> Data section:
(* Let $\theta_1,\theta_2\in\Theta$, $\theta_\alpha=\alpha\theta_1+(1-\alpha)\theta_2$, and assume the maximiser $\alpha^*$ of $\alpha\mapsto D^{\mathrm w}_{B,\alpha}(p_{\theta_1},p_{\theta_2})$ over $[0,1]$ exists, is unique and lies in $(0,1)$. Then \[ D_C^{\mathrm w}(p_{\theta_1},p_{\theta_2})=D^{\mathrm w}_{B,\alpha^*}(p_{\theta_1},p_{\theta_2})=\alpha^*F(\theta_1)+(1-\alpha^* )F(\theta_2)-\hat F(\theta_{\alpha^*}), \] $\theta_{\alpha^*}$ satisfies the bisector condition $B^{\mathrm w}_{\varphi,F}(\theta_1,\theta_{\alpha^*})=B^{\mathrm w}_{\varphi,F}(\theta_2,\theta_{\alpha^*})$, and \[ D_C^{\mathrm w}(p_{\theta_1},p_{\theta_2})=\frac{B^{\mathrm w}_{\varphi,F}(\theta_1,\theta_{\alpha^*})}{E_\varphi(\theta_{\alpha^*})}-\ln E_\varphi(\theta_{\alpha^*})=\frac{B^{\mathrm w}_{\varphi,F}(\theta_2,\theta_{\alpha^*})}{E_\varphi(\theta_{\alpha^*})}-\ln E_\varphi(\theta_{\alpha^*}). \]
   Context: Let $\mu$ be a $\sigma$-finite measure on $\mathcal X$ and $\varphi\ge0$ a measurable weight. Let $\{p_\theta:\theta\in\Theta\}$, $\Theta\subset\mathbb R^d$ open and convex, be a regular exponential family $p_\theta(x)=\exp\{\theta^{\mathrm T}t(x)-F(\theta)+k(x)\}$. Set $E_\varphi(\theta)=\int\varphi p_\theta\,\mathrm d\mu\in(0,\infty)$ and $\hat F(\theta)=\ln\int\varphi(x)e^{\theta^{\mathrm T}t(x)+k(x)}\,\mathrm d\mu(x)=F(\theta)+\ln E_\varphi(\theta)$, finite and differentiable on $\Theta$. Weighted affinity $\rho^{\mathrm w}_\alpha(p,q)=\int\varphi\,p^\alpha q^{1-\alpha}\,\mathrm d\mu$; $D^{\mathrm w}_{B,\alpha}(p,q)=-\ln\rho^{\mathrm w}_\alpha(p,q)$; $D^{\mathrm w}_C(p,q)=\max_{\alpha\in[0,1]}D^{\mathrm w}_{B,\alpha}(p,q)$. Weighted Bregman divergence: $B^{\mathrm w}_{\varphi,F}(\theta,\theta')=E_\varphi(\theta')\big[F(\theta)-F(\theta')-(\theta-\theta')^{\mathrm T}\nabla\hat F(\theta')\big]$. *)

theory Defs
  imports "HOL-Analysis.Analysis"
begin

definition expfam :: "('x \<Rightarrow> 'd::euclidean_space) \<Rightarrow> ('x \<Rightarrow> real) \<Rightarrow> ('d \<Rightarrow> real)
    \<Rightarrow> 'd \<Rightarrow> 'x \<Rightarrow> real" where
  "expfam t k F \<theta> x = exp (inner \<theta> (t x) - F \<theta> + k x)"

definition E_w :: "'x measure \<Rightarrow> ('x \<Rightarrow> real) \<Rightarrow> ('x \<Rightarrow> real) \<Rightarrow> real" where
  "E_w M \<phi> p = (\<integral>x. \<phi> x * p x \<partial>M)"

> The task:
Copy out exactly the line holding "k F \<theta>" and each line after it through the end of the entries, and leave out everything else.

> Written answer:
  "expfam t k F \<theta> x = exp (inner \<theta> (t x) - F \<theta> + k x)"

definition E_w :: "'x measure \<Rightarrow> ('x \<Rightarrow> real) \<Rightarrow> ('x \<Rightarrow> real) \<Rightarrow> real" where
  "E_w M \<phi> p = (\<integral>x. \<phi> x * p x \<partial>M)"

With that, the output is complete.